Closed leonerd closed 10 years ago
Before I get into this too much, it would be good to investigate if S3 supports the byte-range request header, and if so put that into NaWS:S3 first.
Byte ranges turn out to be simple enough - trickier may be getting stall report + progress information out of NaHTTP into NaWS:S3 to drive a reliable retry loop. Will see how this goes.
An initial hack at this is now done in NaWS:S3 source Needs Net::Async::HTTP -r302 and Net::Async::Webservice::S3 -r140 Will bump CPAN modules when this looks like it works.
Latest attempt on that failed with OOM. I suspect maybe a reference loop or somesuch.. :( Devel::MAT to the rescue...
Ahah! In my attempt to put in reliable resume after stall I accidentally captured all the file content in in-memory lexicals. Oops. With that now fixed, another attempt is running
I now have a .pmat file. After much hunting around I have discovered that the stalled files are all waiting on requests from NaHTTP, on NaHTTP:Connection objects that no longer seem alive.
Specifically, those connection objects do have a fileno in their notifier name, indicating they were at one point connected, but they no longer have a read/write handle, and they themselves don't appear in the connections pool of the actual NaHTTP object. I suspect a cornercase of connections being closed without having requests queued on them cancelled.
Furtheremore, the handle has 'handle_closing' => 1, and has no 'loop' member, suggesting it has been ->close'd. It also lacks a 'ready_queue'. Yet for some reason there's a request pending on it. It ought not be able to get in that state.
\o/ I have managed to make a unit test case fail giving all the same symptoms in the explorer, so I now have a good case to fix it from.

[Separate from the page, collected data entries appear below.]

(* Let $k\in\mathbb{N}$, $R>0$, $S^k=\{y\in\mathbb{R}^{k+1}:|y|=R\}$, and fix $x\in\mathbb{R}^{k+1}$ with $|x|\neq R$. Then for every $\beta\in\mathbb{C}$ there are infinitely many $\alpha\in\mathbb{C}$ such that $$\int_{S^k}\omega(x,y)^\alpha\,dS_y=\int_{S^k}\omega(x,y)^\beta\,dS_y .$$
   Context: For $x\neq y$ in $\mathbb{R}^{k+1}$, $\omega(x,y)=\left|\dfrac{|x|^2-|y|^2}{|x-y|^2}\right|$. $dS_y$ is the surface measure on $S^k$. For $|x|\neq R$ and $y\in S^k$, $\omega(x,y)>0$ and $\omega^\alpha=e^{\alpha\ln\omega}$. *)

theory Defs
  imports "HOL-Analysis.Analysis"
begin

definition omega :: "'a::euclidean_space \<Rightarrow> 'a \<Rightarrow> real" where
  "omega x y = \<bar>(norm x ^ 2 - norm y ^ 2) / (norm (x - y) ^ 2)\<bar>"

definition cpow_pos :: "real \<Rightarrow> complex \<Rightarrow> complex" where
  "cpow_pos w a = exp (a * complex_of_real (ln w))"

text \<open>Surface measure on the sphere of radius R in a Euclidean space of dimension n,
  via the cone construction: sigma(A) = (n/R) * lebesgue{t y : 0 < t \<le> 1, y \<in> A},
  realised as the push-forward of Lebesgue measure on the punctured ball under
  radial projection y \<mapsto> R y / |y|, scaled by n/R. For n = 1 this is counting
  measure on {-R, R}.\<close>
definition sphere_measure :: "real \<Rightarrow> ('a::euclidean_space) measure" where
  "sphere_measure R =
     scale_measure (ennreal (real DIM('a) / R))
       (distr (restrict_space lborel (ball 0 R - {0})) borel (\<lambda>y. (R / norm y) *\<^sub>R y))"

end

theory Submission
  imports Defs "HOL-Complex_Analysis.Complex_Analysis"
begin

text \<open>With \<open>l = ln \<omega>(x, \<cdot>)\<close>, which is bounded on the sphere because \<open>|x| \<noteq> R\<close>, the integral
  \<open>F \<alpha> = \<integral> exp (\<alpha> l) dS\<close> is an entire function of exponential type, and it is bounded on the
  imaginary axis, where \<open>|exp (\<alpha> l)| = 1\<close>. If \<open>F - F \<beta>\<close> had only finitely many zeros, then
  (Hadamard, in the elementary form obtained from the Borel--Carath\'eodory inequality for a
  logarithm of the zero-free quotient) \<open>F - F \<beta> = P \<cdot> exp (a \<alpha> + b)\<close> with a polynomial \<open>P\<close>
  vanishing at \<open>\<beta>\<close>. On a suitable half of the imaginary axis \<open>|exp (a \<alpha> + b)| \<ge> exp (Re b)\<close>
  while \<open>|P| \<rightarrow> \<infinity>\<close>, contradicting boundedness.\<close>

lemma norm_less_norm_reflection_of_Re_less:
  fixes w :: complex
  assumes "Re w < T" "T > 0"
  shows "norm w < norm (2 * of_real T - w)"
proof -
  have "(norm w)\<^sup>2 < (norm (2 * of_real T - w))\<^sup>2"
    using assms unfolding cmod_power2 by (simp add: power2_eq_square algebra_simps)
  then show ?thesis by (simp add: power2_less_imp_less)
qed

text \<open>The Cayley-type map \<open>f / (2T - f)\<close> sends the half-plane \<open>Re < T\<close> into the unit disc,
  so the Schwarz lemma applies to it.\<close>
lemma Borel_Caratheodory_half_radius:
  fixes f :: "complex \<Rightarrow> complex"
  assumes hol: "f holomorphic_on ball 0 r" and f0: "f 0 = 0"
    and Re_less: "\<And>z. norm z < r \<Longrightarrow> Re (f z) < T"
    and r: "r > 0" and \<xi>: "norm \<xi> \<le> r / 2"
  shows "norm (f \<xi>) \<le> 2 * T"
proof -
  have T: "T > 0" using Re_less[of 0] f0 r by simp
  define g where "g z = f (of_real r * z)" for z
  have Re_g: "Re (g z) < T" if "norm z < 1" for z
    unfolding g_def using that r by (intro Re_less) (simp add: norm_mult)
  have den: "2 * of_real T - g z \<noteq> 0" if "norm z < 1" for z
    using Re_g[OF that] T by (auto simp: algebra_simps complex_eq_iff)
  define \<phi> where "\<phi> z = g z / (2 * of_real T - g z)" for z
  have "g holomorphic_on ball 0 1"
    unfolding g_def using r
    by (intro holomorphic_on_compose_gen[OF _ hol, unfolded o_def] holomorphic_intros)
       (auto simp: norm_mult)
  then have "\<phi> holomorphic_on ball 0 1"
    unfolding \<phi>_def using den by (intro holomorphic_intros) auto
  moreover have "\<phi> 0 = 0" unfolding \<phi>_def g_def by (simp add: f0)
  moreover have "norm (\<phi> z) < 1" if "norm z < 1" for z
    using norm_less_norm_reflection_of_Re_less[OF Re_g[OF that] T] den[OF that]
    unfolding \<phi>_def by (simp add: norm_divide divide_less_eq)
  moreover have z0: "norm (\<xi> / of_real r) \<le> 1 / 2" "norm (\<xi> / of_real r) < 1"
    using \<xi> r by (auto simp: norm_divide divide_le_eq)
  ultimately have "norm (\<phi> (\<xi> / of_real r)) \<le> 1 / 2"
    using Schwarz_Lemma(1)[of \<phi>] by fastforce
  moreover have g\<xi>: "g (\<xi> / of_real r) = f \<xi>" unfolding g_def using r by simp
  moreover have "2 * of_real T - f \<xi> \<noteq> 0" using den[OF z0(2)] g\<xi> by simp
  ultimately have "norm (f \<xi>) \<le> 1 / 2 * norm (2 * of_real T - f \<xi>)"
    unfolding \<phi>_def by (simp add: norm_divide divide_le_eq)
  also have "\<dots> \<le> 1 / 2 * (2 * T + norm (f \<xi>))"
    using norm_triangle_ineq4[of "2 * of_real T" "f \<xi>"] T by (simp add: norm_mult)
  finally show ?thesis by simp
qed

lemma entire_affine_if_Re_le_linear:
  fixes u :: "complex \<Rightarrow> complex"
  assumes hol: "u holomorphic_on UNIV" and Re_le: "\<And>z. Re (u z) \<le> A * norm z + B" and A: "A \<ge> 0"
  obtains a b where "\<And>z. u z = a * z + b"
proof -
  define v where "v z = u z - u 0" for z
  define B' where "B' = \<bar>B\<bar> + norm (u 0)"
  have B': "B' \<ge> 0" unfolding B'_def by simp
  have hol_v: "v holomorphic_on UNIV" unfolding v_def by (intro holomorphic_intros hol)
  have Re_v: "Re (v z) \<le> A * norm z + B'" for z
    using Re_le[of z] abs_Re_le_cmod[of "u 0"] unfolding v_def B'_def by auto
  have bound: "norm (v \<xi>) \<le> 2 * (A * (2 * norm \<xi> + 2) + B' + 1)" for \<xi>
  proof (rule Borel_Caratheodory_half_radius[of v "2 * norm \<xi> + 2"])
    show "v holomorphic_on ball 0 (2 * norm \<xi> + 2)" using hol_v by (rule holomorphic_on_subset) auto
    show "Re (v z) < A * (2 * norm \<xi> + 2) + B' + 1" if "norm z < 2 * norm \<xi> + 2" for z
      using Re_v[of z] mult_left_mono[OF less_imp_le[OF that] A] by linarith
  qed (auto simp: v_def add_nonneg_pos)
  have "v \<xi> = (\<Sum>k\<le>1. (deriv ^^ k) v 0 / fact k * \<xi> ^ k)" for \<xi>
  proof (rule Liouville_polynomial[OF hol_v, of 1 "8 * A + 2 * B' + 2"])
    fix z :: complex assume z: "1 \<le> norm z"
    have "4 * A + 2 * B' + 2 \<le> (4 * A + 2 * B' + 2) * norm z"
      using mult_left_mono[OF z, of "4 * A + 2 * B' + 2"] A B' by simp
    moreover have "2 * (A * (2 * norm z + 2) + B' + 1) = 4 * A * norm z + (4 * A + 2 * B' + 2)"
      by (simp add: algebra_simps)
    moreover have "(8 * A + 2 * B' + 2) * norm z ^ 1 = 4 * A * norm z + (4 * A + 2 * B' + 2) * norm z"
      by (simp add: algebra_simps)
    ultimately show "norm (v z) \<le> (8 * A + 2 * B' + 2) * norm z ^ 1"
      using bound[of z] by linarith
  qed
  then have "u z - u 0 = deriv v 0 * z" for z
    by (simp add: atMost_Suc v_def)
  then have "u z = deriv v 0 * z + u 0" for z
    by (metis diff_eq_eq)
  then show thesis by (rule that)
qed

I believe that may now be fixed, so trying it again on the restore test box. Will see if it stalls more
Woo \o/
$ sfs3 cmp --concurrent=4 --only=/snapshots/backup_20140108/ 13 /var/lib/cassandra/data ... All done - no differences found
I think that's cracked it. Needs bugfixes in NaHTTP and NaWS:S3, so I'll ship them to CPAN now
Now on their way to CPAN. Will fix up the dep declarations here and close off bugs tomorrow once they're through the mirrors and installed on the test boxes.
That worked fine. NaHTTP and NaWS:S3 now CPAN'ed. Will update the deps on sfs3 itself and then this will be done
Fixed and working as of https://github.com/SocialFlowDev/SocialFlow-S3/commit/0f7722336c1384e32717defb9329590ff7464d7a
Rather than failing entirely due to GET stall, it should be possible to continue with a GET with a byte range. Need to keep track of how much has been fetched so far.